По-видимому, Петр предвидел возможность церковной фронды при проведении описанной реформы и потому еще до опубликования Духовного Регламента предложил /195/ обсудить и подписать его проект сенаторам и бывшим в то время в Петербурге шести архиереям. Подписанный проект был затем послан с подполковником Давыдовым в Москву, куда собрали остальных архиереев, которым Давыдов «указом царского величества» также предложил дать свои подписи. Подписали все, кроме двух: сибирского архиерея, не приехавшего за дальностью расстояния, и белогородского, не приехавшего по какой-то другой случайной причине. Однако многие архиереи чувствовали, что их «без рассмотрения о крыющихся в оном Регламенте ересях принудили подписаться», и поэтому ждали случая повернуть дело назад. Сначала сам синод пробовал поставить себя на место патриарха. По формальному вопросу, о порядке сношений с сенатом, он в запросе Петру рискнул заметить, что «духовная коллегия имеет честь, силу и власть патриаршескую или едва ли не большую, понеже собор»; но Петр прошел мимо этой вылазки и в 1722 г., отправляясь в персидский поход, официально подчинил синод сенату. Первый повод для открытой церковной реакции дала смерть Петра. Появились претенденты на патриарший престол, надежды которых особенно расцвели по вступлении на престол Петра II, воспитанного бабушкой, царицей Авдотьей, в строгих правилах старины. Один из претендентов, новгородский архиепископ Феодосии, «плут Федос», торжествовал: «государь де… весьма тщился ниспровергнуть сие духовное правительство и для того нас утеснял штатами и недачею жалованья (вот где ересь!); а теперь-де смотрите, отцы святые, мы живы, а он умре». Однако «плут» Феодосии скомпрометировал себя нелепым поведением в своей епархии. Не дожидаясь, пока судьба вознесет его на патриарший престол, он попробовал «отложиться» от синода. Он составил присягу по образцу императорской и разослал ее по всем церквам и монастырям новгородской епархии с приказанием, чтобы эту присягу принесло ему все подчиненное ему духовенство. Тогда «плут Федос» был приговорен синодом «за злоковарное свое воровство» к лишению епископского сана и простым чернецом был сослан в Холмогоры, а составленная им присяга была всенародно сожжена.

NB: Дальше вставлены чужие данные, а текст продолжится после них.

lemma subset_indicators_indep_if_unions_codeword_free:
  assumes D: "linear_code n D" and \<Gamma>: "\<Gamma> \<subseteq> Pow {..<n}"
    and sep: "\<forall>\<gamma>1\<in>\<Gamma>. \<forall>\<gamma>2\<in>\<Gamma>. \<forall>e\<in>dual_code n D. e \<subseteq> \<gamma>1 \<union> \<gamma>2 \<longrightarrow> e = {}"
  shows "subset_indicators_indep D (Gamma_hat \<Gamma>)"
proof (rule ccontr)
  let ?G = "Gamma_hat \<Gamma>"
  assume "\<not> subset_indicators_indep D ?G"
  then obtain f :: "nat set \<Rightarrow> real"
    where f: "\<forall>s\<in>D. (\<Sum>a\<in>?G. (if a \<subseteq> s then 1 else 0) * f a) = 0" and "\<exists>a\<in>?G. f a \<noteq> 0"
    unfolding subset_indicators_indep_def by blast
  then have "{a \<in> ?G. f a \<noteq> 0} \<noteq> {}" "finite {a \<in> ?G. f a \<noteq> 0}"
    using finite_Gamma_hat[OF \<Gamma>] by auto
  then obtain a0 where a0: "a0 \<in> ?G" "f a0 \<noteq> 0"
    and max: "\<forall>a\<in>{a \<in> ?G. f a \<noteq> 0}. a0 \<subseteq> a \<longrightarrow> a0 = a"
    using finite_has_maximal by blast
  \<comment> \<open>pair the kernel relation with \<chi>_a0; maximality of a0 kills all other terms\<close>
  have "0 = (\<Sum>s\<in>D. f2_char a0 s * (\<Sum>a\<in>?G. (if a \<subseteq> s then 1 else 0) * f a))"
    using f by simp
  also have "\<dots> = (\<Sum>a\<in>?G. f a * (\<Sum>s\<in>D. f2_char a0 s * (if a \<subseteq> s then 1 else 0)))"
    by (simp add: sum_distrib_left sum.swap[of _ D] mult_ac)
  also have "\<dots> = (\<Sum>a\<in>?G. if a = a0 then f a0 * ((-1) ^ card a0 * real (card D) / 2 ^ card a0) else 0)"
  proof (rule sum.cong)
    fix a
    assume a: "a \<in> ?G"
    show "f a * (\<Sum>s\<in>D. f2_char a0 s * (if a \<subseteq> s then 1 else 0))
        = (if a = a0 then f a0 * ((-1) ^ card a0 * real (card D) / 2 ^ card a0) else 0)"
      using max a
      by (cases "a0 \<subseteq> a") (auto simp: sum_f2_char_mult_subset_indicator_Gamma_hat[OF D \<Gamma> sep a a0(1)])
  qed simp
  also have "\<dots> = f a0 * ((-1) ^ card a0 * real (card D) / 2 ^ card a0)"
    using a0(1) finite_Gamma_hat[OF \<Gamma>] by simp
  finally have "f a0 * ((-1) ^ card a0 * real (card D) / 2 ^ card a0) = 0"
    by simp
  moreover have "card D \<noteq> 0"
    using finite_linear_code[OF D] D by (auto simp: linear_code_def card_eq_0_iff)
  ultimately show False
    using a0(2) by simp
qed

lemma sum_Gamma_hat_neg2_power:
  assumes \<Gamma>: "\<Gamma> \<subseteq> Pow {..<n}" and "\<gamma> \<in> \<Gamma>" "e \<subseteq> \<gamma>"
  shows "(\<Sum>a\<in>Gamma_hat \<Gamma>. (if a \<subseteq> s then 1 else 0) * (if a \<subseteq> e then (-2::real) ^ card a else 0))
           = f2_char e s - 1"
proof -
  have "finite e"
    using assms finite_subset[of e "{..<n}"] by blast
  have "{a \<in> Gamma_hat \<Gamma>. a \<subseteq> e} = Pow e - {{}}"
    using assms(2,3) unfolding Gamma_hat_def by blast
  let ?h = "\<lambda>a. if a \<subseteq> s then (-2::real) ^ card a else 0"
  have "(\<Sum>a\<in>Gamma_hat \<Gamma>. (if a \<subseteq> s then 1 else 0) * (if a \<subseteq> e then (-2::real) ^ card a else 0))
      = (\<Sum>a\<in>Gamma_hat \<Gamma>. if a \<subseteq> e then ?h a else 0)"
    by (intro sum.cong) auto
  also have "\<dots> = (\<Sum>a\<in>{a \<in> Gamma_hat \<Gamma>. a \<subseteq> e}. ?h a)"
    by (rule sum.inter_filter[OF finite_Gamma_hat[OF \<Gamma>], symmetric])
  also have "\<dots> = (\<Sum>a\<in>Pow e - {{}}. ?h a)"
    by (simp only: \<open>{a \<in> Gamma_hat \<Gamma>. a \<subseteq> e} = Pow e - {{}}\<close>)
  also have "\<dots> = f2_char e s - 1"
    using \<open>finite e\<close> by (simp add: sum_diff1 sum_Pow_neg2_eq_f2_char)
  finally show ?thesis .
qed

lemma not_subset_indicators_indep_if_codeword_in_union:
  assumes \<Gamma>: "\<Gamma> \<subseteq> Pow {..<n}" and \<gamma>: "\<gamma>1 \<in> \<Gamma>" "\<gamma>2 \<in> \<Gamma>"
    and e: "e \<in> dual_code n D" "e \<subseteq> \<gamma>1 \<union> \<gamma>2" "e \<noteq> {}"
  shows "\<not> subset_indicators_indep D (Gamma_hat \<Gamma>)"
proof -
  let ?G = "Gamma_hat \<Gamma>"
  define e1 e2 where "e1 = e \<inter> \<gamma>1" and "e2 = e - \<gamma>1"
  have e12: "e1 \<subseteq> \<gamma>1" "e2 \<subseteq> \<gamma>2" "e = f2_add e1 e2" "e1 \<inter> e2 = {}"
    using e(2) by (auto simp: e1_def e2_def f2_add_def)
  have "finite \<gamma>1" "finite \<gamma>2"
    using \<Gamma> \<gamma> by (auto intro: finite_subset[of _ "{..<n}"])
  then have fin: "finite e1" "finite e2"
    using e12(1,2) finite_subset by auto
  \<comment> \<open>the rows of D pair g e' with \<chi>_e' - 1, and \<chi>_e1 = \<chi>_e2 on D since e \<perp> D\<close>
  define g :: "nat set \<Rightarrow> nat set \<Rightarrow> real"
    where "g e' a = (if a \<subseteq> e' then (-2) ^ card a else 0)" for e' a
  define f where "f a = g e1 a - g e2 a" for a
  have zero: "(\<Sum>a\<in>?G. (if a \<subseteq> s then 1 else 0) * f a) = 0" if "s \<in> D" for s
  proof -
    have "(\<Sum>a\<in>?G. (if a \<subseteq> s then 1 else 0) * f a) = (f2_char e1 s - 1) - (f2_char e2 s - 1)"
      unfolding f_def g_def right_diff_distrib sum_subtractf
        sum_Gamma_hat_neg2_power[OF \<Gamma> \<gamma>(1) e12(1)] sum_Gamma_hat_neg2_power[OF \<Gamma> \<gamma>(2) e12(2)] ..
    then show ?thesis
      using f2_char_eq_if_f2_add_in_dual_code[OF fin e(1)[unfolded e12(3)] that] by simp
  qed
  have nonzero: "\<exists>a\<in>?G. f a \<noteq> 0"
  proof (cases "e1 = {}")
    case False
    then have "e1 \<in> ?G" "\<not> e1 \<subseteq> e2"
      using e12 \<gamma>(1) by (auto simp: Gamma_hat_def)
    then show ?thesis
      by (intro bexI[of _ e1]) (simp_all add: f_def g_def)
  next
    case True
    then have "e2 \<noteq> {}"
      using e(3) e12(3) by (auto simp: f2_add_def)
    then have "e2 \<in> ?G" "\<not> e2 \<subseteq> e1"
      using True e12 \<gamma>(2) by (auto simp: Gamma_hat_def)
    then show ?thesis
      by (intro bexI[of _ e2]) (simp_all add: f_def g_def)
  qed
  show ?thesis
    unfolding subset_indicators_indep_def not_all not_imp
    by (rule exI[of _ f]) (use zero nonzero in blast)
qed

lemma subset_indicators_indep_iff_unions_codeword_free:
  assumes "linear_code n D" "\<Gamma> \<subseteq> Pow {..<n}"
  shows "subset_indicators_indep D (Gamma_hat \<Gamma>) \<longleftrightarrow>
         (\<forall>\<gamma>1\<in>\<Gamma>. \<forall>\<gamma>2\<in>\<Gamma>. \<forall>e\<in>dual_code n D. e \<subseteq> \<gamma>1 \<union> \<gamma>2 \<longrightarrow> e = {})"
proof
  assume "subset_indicators_indep D (Gamma_hat \<Gamma>)"
  then show "\<forall>\<gamma>1\<in>\<Gamma>. \<forall>\<gamma>2\<in>\<Gamma>. \<forall>e\<in>dual_code n D. e \<subseteq> \<gamma>1 \<union> \<gamma>2 \<longrightarrow> e = {}"
    using not_subset_indicators_indep_if_codeword_in_union[OF assms(2)] by blast
qed (rule subset_indicators_indep_if_unions_codeword_free[OF assms])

Другие претенденты, члены синода Георгий Дашков и Игнатий Смола и тверской епископ Феофилакт Лопатинский, начали энергичную борьбу против Феофана; однако их мечты и планы были разрушены неожиданной /196/ смертью Петра II. Но и без того эта борьба за восстановление патриаршества была обречена на неудачу прежде всего уже потому, что для ее успешного завершения не было материальной базы. Пока церковь не вернула себе своих имуществ, она не могла вообще вести никакой борьбы. Синод, сознательно или бессознательно, но это чувствовал, и его борьба за восстановление церковных имуществ была наиболее важной и наиболее яркой стороной церковной фронды. Эта борьба должна была кончиться и кончилась также решительным поражением. Но на ее протяжении у синода были и победы.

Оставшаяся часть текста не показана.